**Description of the task**
Copy out all of the data below with no alterations.

**Entries shown**
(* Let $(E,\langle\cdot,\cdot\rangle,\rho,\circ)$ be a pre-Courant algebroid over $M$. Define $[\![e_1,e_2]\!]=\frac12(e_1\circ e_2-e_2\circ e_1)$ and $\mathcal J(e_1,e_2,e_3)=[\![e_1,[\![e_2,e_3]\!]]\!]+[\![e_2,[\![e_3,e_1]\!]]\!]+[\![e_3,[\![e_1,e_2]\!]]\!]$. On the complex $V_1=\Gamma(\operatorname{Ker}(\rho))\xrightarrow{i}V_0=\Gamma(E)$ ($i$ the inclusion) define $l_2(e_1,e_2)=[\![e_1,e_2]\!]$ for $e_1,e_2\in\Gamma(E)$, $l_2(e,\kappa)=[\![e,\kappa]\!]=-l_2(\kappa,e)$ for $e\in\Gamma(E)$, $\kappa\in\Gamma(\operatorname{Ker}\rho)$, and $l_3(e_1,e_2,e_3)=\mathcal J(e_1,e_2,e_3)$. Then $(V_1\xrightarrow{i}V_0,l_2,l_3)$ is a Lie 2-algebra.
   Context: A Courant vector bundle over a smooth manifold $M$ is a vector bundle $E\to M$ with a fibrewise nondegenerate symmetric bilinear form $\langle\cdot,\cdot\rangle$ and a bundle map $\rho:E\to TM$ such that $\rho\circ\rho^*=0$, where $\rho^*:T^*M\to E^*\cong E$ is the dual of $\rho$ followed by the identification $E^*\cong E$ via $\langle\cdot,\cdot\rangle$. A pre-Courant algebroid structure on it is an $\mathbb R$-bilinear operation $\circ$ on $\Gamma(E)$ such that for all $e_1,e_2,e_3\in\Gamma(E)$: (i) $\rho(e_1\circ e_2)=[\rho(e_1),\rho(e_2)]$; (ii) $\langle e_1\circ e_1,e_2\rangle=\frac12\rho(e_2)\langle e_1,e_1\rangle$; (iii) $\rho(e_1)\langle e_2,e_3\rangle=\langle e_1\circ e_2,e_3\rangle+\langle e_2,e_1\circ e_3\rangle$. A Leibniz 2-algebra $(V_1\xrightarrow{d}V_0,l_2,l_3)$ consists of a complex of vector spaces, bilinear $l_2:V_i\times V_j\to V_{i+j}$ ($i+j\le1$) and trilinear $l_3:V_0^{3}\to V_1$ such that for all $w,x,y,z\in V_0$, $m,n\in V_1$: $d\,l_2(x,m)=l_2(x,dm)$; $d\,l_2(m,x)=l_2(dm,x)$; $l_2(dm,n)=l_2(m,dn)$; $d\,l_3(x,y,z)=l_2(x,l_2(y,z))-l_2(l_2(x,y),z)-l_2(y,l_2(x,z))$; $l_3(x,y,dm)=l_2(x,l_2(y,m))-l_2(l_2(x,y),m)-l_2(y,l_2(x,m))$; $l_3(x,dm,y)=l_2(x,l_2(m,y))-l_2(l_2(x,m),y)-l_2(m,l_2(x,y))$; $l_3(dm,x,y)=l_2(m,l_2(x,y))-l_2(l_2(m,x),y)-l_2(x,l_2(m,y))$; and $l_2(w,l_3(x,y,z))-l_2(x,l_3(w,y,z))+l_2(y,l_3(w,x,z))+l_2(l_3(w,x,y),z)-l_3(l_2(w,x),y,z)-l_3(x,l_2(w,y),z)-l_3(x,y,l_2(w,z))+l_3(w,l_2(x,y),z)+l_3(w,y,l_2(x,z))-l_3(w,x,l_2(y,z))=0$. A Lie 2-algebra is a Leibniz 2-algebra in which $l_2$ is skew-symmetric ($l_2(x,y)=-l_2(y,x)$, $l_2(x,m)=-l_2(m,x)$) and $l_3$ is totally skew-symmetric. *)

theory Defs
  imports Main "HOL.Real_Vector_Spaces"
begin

**Solved problem**
(* Let $(E,\langle\cdot,\cdot\rangle,\rho,\circ)$ be a pre-Courant algebroid over $M$. Define $[\![e_1,e_2]\!]=\frac12(e_1\circ e_2-e_2\circ e_1)$ and $\mathcal J(e_1,e_2,e_3)=[\![e_1,[\![e_2,e_3]\!]]\!]+[\![e_2,[\![e_3,e_1]\!]]\!]+[\![e_3,[\![e_1,e_2]\!]]\!]$. On the complex $V_1=\Gamma(\operatorname{Ker}(\rho))\xrightarrow{i}V_0=\Gamma(E)$ ($i$ the inclusion) define $l_2(e_1,e_2)=[\![e_1,e_2]\!]$ for $e_1,e_2\in\Gamma(E)$, $l_2(e,\kappa)=[\![e,\kappa]\!]=-l_2(\kappa,e)$ for $e\in\Gamma(E)$, $\kappa\in\Gamma(\operatorname{Ker}\rho)$, and $l_3(e_1,e_2,e_3)=\mathcal J(e_1,e_2,e_3)$. Then $(V_1\xrightarrow{i}V_0,l_2,l_3)$ is a Lie 2-algebra.
   Context: A Courant vector bundle over a smooth manifold $M$ is a vector bundle $E\to M$ with a fibrewise nondegenerate symmetric bilinear form $\langle\cdot,\cdot\rangle$ and a bundle map $\rho:E\to TM$ such that $\rho\circ\rho^*=0$, where $\rho^*:T^*M\to E^*\cong E$ is the dual of $\rho$ followed by the identification $E^*\cong E$ via $\langle\cdot,\cdot\rangle$. A pre-Courant algebroid structure on it is an $\mathbb R$-bilinear operation $\circ$ on $\Gamma(E)$ such that for all $e_1,e_2,e_3\in\Gamma(E)$: (i) $\rho(e_1\circ e_2)=[\rho(e_1),\rho(e_2)]$; (ii) $\langle e_1\circ e_1,e_2\rangle=\frac12\rho(e_2)\langle e_1,e_1\rangle$; (iii) $\rho(e_1)\langle e_2,e_3\rangle=\langle e_1\circ e_2,e_3\rangle+\langle e_2,e_1\circ e_3\rangle$. A Leibniz 2-algebra $(V_1\xrightarrow{d}V_0,l_2,l_3)$ consists of a complex of vector spaces, bilinear $l_2:V_i\times V_j\to V_{i+j}$ ($i+j\le1$) and trilinear $l_3:V_0^{3}\to V_1$ such that for all $w,x,y,z\in V_0$, $m,n\in V_1$: $d\,l_2(x,m)=l_2(x,dm)$; $d\,l_2(m,x)=l_2(dm,x)$; $l_2(dm,n)=l_2(m,dn)$; $d\,l_3(x,y,z)=l_2(x,l_2(y,z))-l_2(l_2(x,y),z)-l_2(y,l_2(x,z))$; $l_3(x,y,dm)=l_2(x,l_2(y,m))-l_2(l_2(x,y),m)-l_2(y,l_2(x,m))$; $l_3(x,dm,y)=l_2(x,l_2(m,y))-l_2(l_2(x,m),y)-l_2(m,l_2(x,y))$; $l_3(dm,x,y)=l_2(m,l_2(x,y))-l_2(l_2(m,x),y)-l_2(x,l_2(m,y))$; and $l_2(w,l_3(x,y,z))-l_2(x,l_3(w,y,z))+l_2(y,l_3(w,x,z))+l_2(l_3(w,x,y),z)-l_3(l_2(w,x),y,z)-l_3(x,l_2(w,y),z)-l_3(x,y,l_2(w,z))+l_3(w,l_2(x,y),z)+l_3(w,y,l_2(x,z))-l_3(w,x,l_2(y,z))=0$. A Lie 2-algebra is a Leibniz 2-algebra in which $l_2$ is skew-symmetric ($l_2(x,y)=-l_2(y,x)$, $l_2(x,m)=-l_2(m,x)$) and $l_3$ is totally skew-symmetric. *)

theory Defs
  imports Main "HOL.Real_Vector_Spaces"
begin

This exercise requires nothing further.